Pic FUD – Trusted Nodes
Doom rocked Twitter this Sunday like no other day we’ve seen in quite a long time.
Luckily, Sunday is for rest, so many may not have paid attention to it, but a certain combination of blockchain “analytics” and hobbyists provided a mix like no other.
First, there was this “hack” by FTX. The only evidence provided for such a hack was that the coins had moved. Moreover, FTX’s Telegram channel said it was a hack.
Now, apparently, this is officially confirmed by FTX’s new liquidator stating “unauthorized access to certain assets has occurred”.
Yet under the circumstances, a hack in the truest sense of the word must compete with hypothetical speculation about potential employee shenanigans.

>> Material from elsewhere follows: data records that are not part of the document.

(* Let $G$ be a finite nonabelian group having a self-normalising subgroup $S$ (i.e. $N_G(S)=S$) of index $[G:S]=4$. Then $\beta(G)\ge \frac{3}{2}|G|$.
   Context: For a nonempty subset $X$ of a group $G$, $Q(X):=\{xy^{-1}: x,y\in X\}$. Nonempty subsets $S_1,S_2,S_3$ of $G$ satisfy the Triple Product Property (TPP) if for all $s_i\in Q(S_i)$: $s_1s_2s_3=1$ iff $s_1=s_2=s_3=1$. A group $G$ realizes $\langle n,p,m\rangle$ if there are subsets $S_1,S_2,S_3\subseteq G$ with $|S_1|=n$, $|S_2|=p$, $|S_3|=m$ satisfying the TPP. For a nontrivial finite group $G$, the TPP capacity is $\beta(G):=\max\{npm : G \text{ realizes } \langle n,p,m\rangle\}$. *)

theory Defs
  imports "HOL-Algebra.Algebra"
begin

definition quotient_set :: "('a, 'b) monoid_scheme \<Rightarrow> 'a set \<Rightarrow> 'a set" where
  "quotient_set G A = {monoid.mult G x (m_inv G y) | x y. x \<in> A \<and> y \<in> A}"

definition TPP :: "('a, 'b) monoid_scheme \<Rightarrow> 'a set \<Rightarrow> 'a set \<Rightarrow> 'a set \<Rightarrow> bool" where
  "TPP G S1 S2 S3 \<longleftrightarrow>
     S1 \<subseteq> carrier G \<and> S2 \<subseteq> carrier G \<and> S3 \<subseteq> carrier G \<and>
     S1 \<noteq> {} \<and> S2 \<noteq> {} \<and> S3 \<noteq> {} \<and>
     (\<forall>s1 \<in> quotient_set G S1. \<forall>s2 \<in> quotient_set G S2. \<forall>s3 \<in> quotient_set G S3.
        (monoid.mult G (monoid.mult G s1 s2) s3 = one G
          \<longleftrightarrow> s1 = one G \<and> s2 = one G \<and> s3 = one G))"

definition realizes :: "('a, 'b) monoid_scheme \<Rightarrow> nat \<Rightarrow> nat \<Rightarrow> nat \<Rightarrow> bool" where
  "realizes G n p m \<longleftrightarrow>
     (\<exists>S1 S2 S3. TPP G S1 S2 S3 \<and> card S1 = n \<and> card S2 = p \<and> card S3 = m)"

definition TPP_capacity :: "('a, 'b) monoid_scheme \<Rightarrow> nat" where
  "TPP_capacity G = Max {n * p * m | n p m. realizes G n p m}"

end
lemma regular_powers:
  assumes reg: "regular_from a 0 n" and E: "\<And>j. j < n \<Longrightarrow> 1 \<le> E j"
  shows "regular_from (\<lambda>j. a j ^ E j) 0 n"
proof -
  text \<open>\<open>S m\<close> raises exactly the members from position \<open>m\<close> on; descend from \<open>m = n\<close>.\<close>
  define S where "S m = (\<lambda>j. if m \<le> j then a j ^ E j else a j)" for m
  have "regular_from (S m) m n" if "m \<le> n" for m
    using that
  proof (induction m rule: inc_induct)
    case base
    then show ?case by (simp add: regular_from_def)
  next
    case (step m)
    have "regular_from (S (Suc m)) m n" unfolding regular_from_def
    proof (intro allI impI)
      fix i x assume "m \<le> i" "i < n" and x: "x * S (Suc m) i \<in> gen_ideal (S (Suc m)) i"
      show "x \<in> gen_ideal (S (Suc m)) i"
      proof (cases "i = m")
        case True
        have "gen_ideal (S (Suc m)) m = gen_ideal a m" by (rule gen_ideal_cong) (simp add: S_def)
        then show ?thesis using x reg \<open>i < n\<close> True by (auto simp: S_def dest: regular_fromD)
      next
        case False
        then show ?thesis using regular_fromD[OF step.IH _ \<open>i < n\<close> x] \<open>m \<le> i\<close> by simp
      qed
    qed
    moreover have "(S (Suc m))(m := S (Suc m) m ^ E m) = S m"
      by (rule ext) (auto simp: S_def)
    ultimately show ?case using regular_power[of "S (Suc m)" m n "E m"] E step.hyps by simp
  qed
  from this[of 0] show ?thesis by (simp add: S_def)
qed

lemma colon_step:
  fixes a :: "nat \<Rightarrow> 'a::comm_ring_1"
  assumes reg: "regular_from a 0 n" and e: "2 \<le> e" and kn: "k < n"
    and t_def: "\<And>k. t k = (\<lambda>j. if j < k then a j ^ e else a j)"
    and x: "x * a k ^ (e - 1) \<in> gen_ideal (t (Suc k)) n"
  shows "x \<in> gen_ideal (t k) n"
proof -
  obtain d where d: "e = Suc (Suc d)" using e by (metis add_2_eq_Suc le_Suc_ex)
  define E where "E j = (if j < k then e else if j = k then e - 1 else 1)" for j
  define u where "u j = a j ^ E j" for j
  have reg_u: "regular_from u 0 n" unfolding u_def
    by (rule regular_powers[OF reg]) (use e in \<open>auto simp: E_def\<close>)
  obtain y where y: "x * a k ^ (e - 1) = (\<Sum>j<n. y j * t (Suc k) j)"
    using x unfolding gen_ideal_def by blast
  text \<open>Rewriting \<open>y\<close> as a relation among the \<open>u j\<close>, whose \<open>k\<close>-th coefficient is \<open>x - a k * y k\<close>.\<close>
  define \<xi> where "\<xi> j = (if j = k then x - a k * y k else - y j)" for j
  have "\<xi> j * u j = (if j = k then x * a k ^ (e - 1) else 0) - y j * t (Suc k) j" for j
    by (cases "j < k"; cases "j = k") (auto simp: \<xi>_def u_def E_def t_def d algebra_simps)
  then have "(\<Sum>j<n. \<xi> j * u j) = 0"
    using kn by (simp add: sum_subtractf y[symmetric] sum.delta)
  then have "\<xi> k \<in> gen_ideal u n"
    using regular_relation_coeff[OF reg_u, of \<xi> k] kn by (simp add: gen_ideal_zero)
  moreover have "u j \<in> gen_ideal (t k) n" if "j < n" for j
    using gen_ideal_generator[OF kn, of "a k ^ d" "t k"] gen_ideal_generator[OF that, of 1 "t k"]
    by (cases "j < k"; cases "j = k") (auto simp: u_def E_def t_def d power_Suc2 simp del: power_Suc)
  ultimately have "\<xi> k \<in> gen_ideal (t k) n" using gen_ideal_least by blast
  moreover have "a k * y k \<in> gen_ideal (t k) n"
    using gen_ideal_generator[OF kn, of "y k" "t k"] by (simp add: t_def mult.commute)
  ultimately show ?thesis using gen_ideal_add by (fastforce simp: \<xi>_def)
qed

lemma regular_colon_product:
  fixes a :: "nat \<Rightarrow> 'a::comm_ring_1"
  assumes reg: "regular_from a 0 n" and e: "2 \<le> e"
    and c: "c * (\<Prod>j<n. a j ^ (e - 1)) \<in> gen_ideal (\<lambda>j. a j ^ e) n"
  shows "c \<in> gen_ideal a n"
proof -
  define t where "t k = (\<lambda>j. if j < k then a j ^ e else a j)" for k
  have colon_t: "k \<le> n \<Longrightarrow> c * (\<Prod>j<k. a j ^ (e - 1)) \<in> gen_ideal (t k) n \<Longrightarrow> c \<in> gen_ideal a n"
    for k
  proof (induction k)
    case 0
    then show ?case by (simp add: t_def)
  next
    case (Suc k)
    have "(c * (\<Prod>j<k. a j ^ (e - 1))) * a k ^ (e - 1) \<in> gen_ideal (t (Suc k)) n"
      using Suc.prems(2) by (simp add: mult.assoc)
    then have "c * (\<Prod>j<k. a j ^ (e - 1)) \<in> gen_ideal (t k) n"
      using colon_step[OF reg e _ t_def] Suc.prems(1) by simp
    then show ?case using Suc.IH Suc.prems(1) by simp
  qed
  have "gen_ideal (t n) n = gen_ideal (\<lambda>j. a j ^ e) n"
    by (rule gen_ideal_cong) (simp add: t_def)
  then show ?thesis using colon_t[of n] c by simp
qed

lemma of_nat_eq_zero_dvd:
  assumes "of_nat p = (0::'b::comm_semiring_1)" "p dvd m"
  shows "of_nat m = (0::'b)"
  using assms by (auto elim!: dvdE)

lemma frobenius_add:
  fixes x y :: "'b::comm_ring_1"
  assumes p: "prime p" and char: "of_nat p = (0::'b)"
  shows "(x + y) ^ p = x ^ p + y ^ p"
proof -
  have p0: "p \<noteq> 0" using p by auto
  have binomial_term: "of_nat (p choose k) * x ^ k * y ^ (p - k) =
      (if k = p then x ^ p else 0) + (if k = 0 then y ^ p else 0)" if "k \<le> p" for k
  proof (cases "k = 0 \<or> k = p")
    case True
    then show ?thesis using p0 by auto
  next
    case False
    then have "p dvd (p choose k)" using dvd_choose_prime[of k p] that p p0 by auto
    then have "of_nat (p choose k) = (0::'b)" by (rule of_nat_eq_zero_dvd[OF char])
    then show ?thesis using False by simp
  qed
  have "(x + y) ^ p = (\<Sum>k\<le>p. of_nat (p choose k) * x ^ k * y ^ (p - k))"
    by (rule binomial_ring)
  also have "\<dots> = (\<Sum>k\<le>p. (if k = p then x ^ p else 0) + (if k = 0 then y ^ p else 0))"
    by (rule sum.cong) (simp_all add: binomial_term)
  also have "\<dots> = x ^ p + y ^ p" by (simp add: sum.distrib)
  finally show ?thesis .
qed

lemma frobenius_sum:
  fixes g :: "'c \<Rightarrow> 'b::comm_ring_1"
  assumes p: "prime p" and char: "of_nat p = (0::'b)" and S: "finite S"
  shows "(\<Sum>s\<in>S. g s) ^ p = (\<Sum>s\<in>S. g s ^ p)"
  using S
proof (induction S rule: finite_induct)
  case empty
  then show ?case using p by (simp add: prime_gt_0_nat zero_power)
next
  case (insert s S)
  then show ?case by (simp add: frobenius_add[OF p char])
qed

abbreviation lookup :: "('b \<Rightarrow>\<^sub>0 'c::zero) \<Rightarrow> 'b \<Rightarrow> 'c" where
  "lookup \<equiv> Poly_Mapping.lookup"

abbreviation keys :: "('b \<Rightarrow>\<^sub>0 'c::zero) \<Rightarrow> 'b set" where
  "keys \<equiv> Poly_Mapping.keys"

lemma mpoly_monomial_expansion: "F = (\<Sum>k\<in>keys F. Poly_Mapping.single k (lookup F k))"
  by (rule poly_mapping_eqI) (auto simp: lookup_sum lookup_single when_def in_keys_iff sum.delta)

lemma single_power:
  "\<exists>K. Poly_Mapping.single k c ^ m = Poly_Mapping.single K (c ^ m) \<and>
       (\<forall>j. lookup K j = m * lookup k j)"
proof (induction m)
  case 0
  show ?case by (rule exI[of _ 0]) simp
next
  case (Suc m)
  then obtain K where "Poly_Mapping.single k c ^ m = Poly_Mapping.single K (c ^ m)"
    "\<forall>j. lookup K j = m * lookup k j" by blast
  then show ?case by (intro exI[of _ "k + K"]) (simp add: mult_single lookup_add)
qed

definition pairing :: "((nat \<Rightarrow>\<^sub>0 nat) \<Rightarrow> 'a) \<Rightarrow> 'a mpoly \<Rightarrow> 'a::comm_ring_1" where
  "pairing w F = (\<Sum>k\<in>keys F. lookup F k * w k)"

lemma pairing_superset:
  assumes "finite S" "keys F \<subseteq> S"
  shows "pairing w F = (\<Sum>k\<in>S. lookup F k * w k)"
  unfolding pairing_def
  by (rule sum.mono_neutral_left) (use assms in \<open>auto simp: in_keys_iff\<close>)

lemma pairing_add: "pairing w (P + Q) = pairing w P + pairing w Q"
proof -
  let ?S = "keys P \<union> keys Q"
  have "pairing w (P + Q) = (\<Sum>k\<in>?S. lookup (P + Q) k * w k)"
    by (rule pairing_superset) (use keys_add[of P Q] in auto)
  also have "\<dots> = (\<Sum>k\<in>?S. lookup P k * w k) + (\<Sum>k\<in>?S. lookup Q k * w k)"
    by (simp add: lookup_add distrib_right sum.distrib)
  also have "\<dots> = pairing w P + pairing w Q"
    by (subst (1 2) pairing_superset[of ?S]) auto
  finally show ?thesis .
qed

lemma pairing_diff: "pairing w (P - Q) = pairing w P - pairing w Q"
  using pairing_add[of w "P - Q" Q] by simp

lemma pairing_sum: "finite S \<Longrightarrow> pairing w (\<Sum>s\<in>S. g s) = (\<Sum>s\<in>S. pairing w (g s))"
  by (induction S rule: finite_induct) (simp_all add: pairing_def[of w 0] pairing_add)

lemma pairing_single: "pairing w (Poly_Mapping.single k c) = c * w k"
  by (simp add: pairing_def)

lemma pairing_const_mult:
  "pairing w (const_mp c * H) = (\<Sum>m\<in>keys H. c * lookup H m * w m)"
proof -
  have "const_mp c * H = (\<Sum>m\<in>keys H. Poly_Mapping.single m (c * lookup H m))"
    by (subst mpoly_monomial_expansion[of H]) (simp add: const_mp_def sum_distrib_left mult_single)
  then show ?thesis by (simp add: pairing_sum pairing_single)
qed

lemma pairing_pdiff: "pairing w (pdiff i H) =
    (\<Sum>m\<in>keys H. of_nat (lookup m i) * lookup H m * w (m - Poly_Mapping.single i 1))"
  by (simp add: pdiff_def pairing_sum pairing_single)

definition digit_weight :: "nat \<Rightarrow> (nat \<Rightarrow> 'a::comm_ring_1) \<Rightarrow> (nat \<Rightarrow>\<^sub>0 nat) \<Rightarrow> nat \<Rightarrow> 'a" where
  "digit_weight p a m j = of_nat (fact (lookup m j mod p)) * a j ^ (p - 1 - lookup m j mod p)"

definition dual_weight ::
    "nat \<Rightarrow> nat \<Rightarrow> (nat \<Rightarrow> 'a::comm_ring_1) \<Rightarrow> (nat \<Rightarrow>\<^sub>0 nat) \<Rightarrow> (nat \<Rightarrow>\<^sub>0 nat) \<Rightarrow> 'a" where
  "dual_weight p n a r m =
     (if \<forall>j. lookup m j div p = lookup r j then \<Prod>j<n. digit_weight p a m j else 0)"

lemma div_mod_pred:
  fixes x p :: nat
  assumes "x mod p \<noteq> 0"
  shows "(x - 1) div p = x div p \<and> (x - 1) mod p = x mod p - 1"
proof (cases "p = 0")
  case True
  then show ?thesis by simp
next
  case p: False
  have "x - 1 = (x mod p - 1) + x div p * p" using assms by (simp add: add.commute)
  moreover have "x mod p - 1 < p" using p by (simp add: less_imp_diff_less)
  ultimately show ?thesis using p by simp
qed

lemma prod_lessThan_split: "i < (n::nat) \<Longrightarrow> (\<Prod>j<n. g j) = g i * (\<Prod>j\<in>{..<n} - {i}. g j)"
  by (rule prod.remove) auto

In this regard, Kraken announced that it has frozen accounts officially linked to FTX and Alameda.
Of course, this “hack” can also be due to those who help the liquidator with the crypto aspect, not being very helpful.
The liquidator, who calls himself Ryne Miller, rather than John J. Ray III, is an attorney who handled the Enron unravelingtherefore probably not familiar with crypto.
Not that any of this matters too much as far as the market is concerned since everyone knows FTX is a mess, but it should be emphasized that there is no right or wrong requirement in fear, uncertainty and doubt (FUD).
The best FUD is of course based on what is true, preferably exaggerated and sometimes framed, such as the mistaken transfer of 320,000 eth from Crypto.com to Gate.io.
This was enough to lead to massive withdrawals of the exchange, with blockchain screenshots of $1 billion transactions to FTX, later clarified by Crypto.com as actually representing only $10 million in exposure.
Facts matter, even when delayed, but the intense fate-based speculation has hopefully reached its peak. A bitcoin trader put it well:
“It’s like every misinformed shitcoiner scouring transactions on various blockchains looking for anything that seems odd.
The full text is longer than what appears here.